lemma common_nbhd_non_adj:
  assumes v: "v \<in> V" and w: "w \<in> V" and "v \<noteq> w" "\<not> adj v w"
  shows "N v \<inter> N w = (\<lambda>(i, j). cell i j (p i v) (p j w)) ` {(i, j). i < 3 \<and> j < 3 \<and> i \<noteq> j}"
    (is "_ = ?g ` ?P")
proof
  have ne: "p i v \<noteq> p i w" if "i < 3" for i
    using assms that unfolding adj_def by auto
  show "N v \<inter> N w \<subseteq> ?g ` ?P"
  proof
    fix c assume "c \<in> N v \<inter> N w"
    then have "adj v c" "adj w c"
      by (auto simp: nbhd_def)
    then obtain i j where ij: "i < 3" "j < 3" "p i c = p i v" "p j c = p j w" and c: "c \<in> V"
      by (elim adjE) auto
    moreover have "i \<noteq> j"
      using ij ne by metis
    ultimately have "c = ?g (i, j)"
      using cell_eqI[OF c, of i j] by simp
    then show "c \<in> ?g ` ?P"
      using ij \<open>i \<noteq> j\<close> by blast
  qed
  show "?g ` ?P \<subseteq> N v \<inter> N w"
  proof safe
    fix i j :: nat assume ij: "i < 3" "j < 3" "i \<noteq> j"
    let ?c = "cell i j (p i v) (p j w)"
    have c: "?c \<in> V" "p i ?c = p i v" "p j ?c = p j w"
      using cell_spec[OF p_in[OF v ij(1)] p_in[OF w ij(2)] ij] by simp_all
    have "?c \<noteq> v" "?c \<noteq> w"
      using c ne ij by metis+
    then show "?c \<in> N v" "?c \<in> N w"
      using v w c ij unfolding nbhd_def adj_def by auto
  qed
qed

lemma card_common_nbhd_non_adj:
  assumes v: "v \<in> V" and w: "w \<in> V" and "v \<noteq> w" "\<not> adj v w"
  shows "card (N v \<inter> N w) = 6"
proof -
  let ?g = "\<lambda>(i, j). cell i j (p i v) (p j w)"
  let ?P = "{(i, j). i < (3::nat) \<and> j < 3 \<and> i \<noteq> j}"
  have ne: "p i v \<noteq> p i w" if "i < 3" for i
    using assms that unfolding adj_def by auto
  have "inj_on ?g ?P"
  proof (rule inj_onI, clarsimp)
    fix i j i' j' :: nat
    assume ij: "i < 3" "j < 3" "i \<noteq> j" "i' < 3" "j' < 3" "i' \<noteq> j'"
      and eq: "cell i j (p i v) (p j w) = cell i' j' (p i' v) (p j' w)"
    let ?c = "cell i j (p i v) (p j w)"
    have c: "?c \<in> V" "p i ?c = p i v" "p j ?c = p j w" "p i' ?c = p i' v" "p j' ?c = p j' w"
      using cell_spec[OF p_in[OF v ij(1)] p_in[OF w ij(2)] ij(1-3)]
        cell_spec[OF p_in[OF v ij(4)] p_in[OF w ij(5)] ij(4-6)] eq by simp_all
    have "i = i'"
      using coords_inj[OF c(1) v ij(1,4) _ c(2,4)] c(3) ne ij(2) by metis
    moreover have "j = j'"
      using coords_inj[OF c(1) w ij(2,5) _ c(3,5)] c(2) ne ij(1) by metis
    ultimately show "i = i' \<and> j = j'" ..
  qed
  moreover have "?P = {(0, 1), (0, 2), (1, 0), (1, 2), (2, 0), (2, 1)}"
    by (auto simp: less_Suc_eq numeral_3_eq_3 numeral_2_eq_2)
  ultimately show ?thesis
    unfolding common_nbhd_non_adj[OF assms] by (simp add: card_image)
qed

end

locale latin_square_adj_pair = latin_square V C p
    for V :: "'v set" and C :: "'c set" and p :: "nat \<Rightarrow> 'v \<Rightarrow> 'c" +
  fixes a b :: 'v and i j k :: nat
  assumes adj_ab: "adj a b" and same_k: "p k a = p k b"
    and indices: "i < 3" "j < 3" "k < 3" "i \<noteq> j" "i \<noteq> k" "j \<noteq> k"
begin

definition corner :: 'v where
  "corner = cell i j (p i a) (p j b)"

definition corner' :: 'v where
  "corner' = cell j i (p j a) (p i b)"

definition rest :: "'v set" where
  "rest = line k (p k a) - {a, b}"

lemma index_cases: "m < 3 \<Longrightarrow> m = i \<or> m = j \<or> m = k"
  using indices by arith

lemma a_in: "a \<in> V" and b_in: "b \<in> V" and a_neq_b: "a \<noteq> b"
  using adj_ab by (auto elim: adjE)

lemma coord_neq: "m < 3 \<Longrightarrow> m \<noteq> k \<Longrightarrow> p m a \<noteq> p m b"
  using coords_inj[OF a_in b_in, of m k] indices same_k a_neq_b by auto

lemma corner_spec: "corner \<in> V" "p i corner = p i a" "p j corner = p j b"
  unfolding corner_def using cell_spec p_in a_in b_in indices by auto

------------------------

=== Problem details ===
State how many lines above include the word "lambda", and nothing more.

=== Output of the exercise ===
2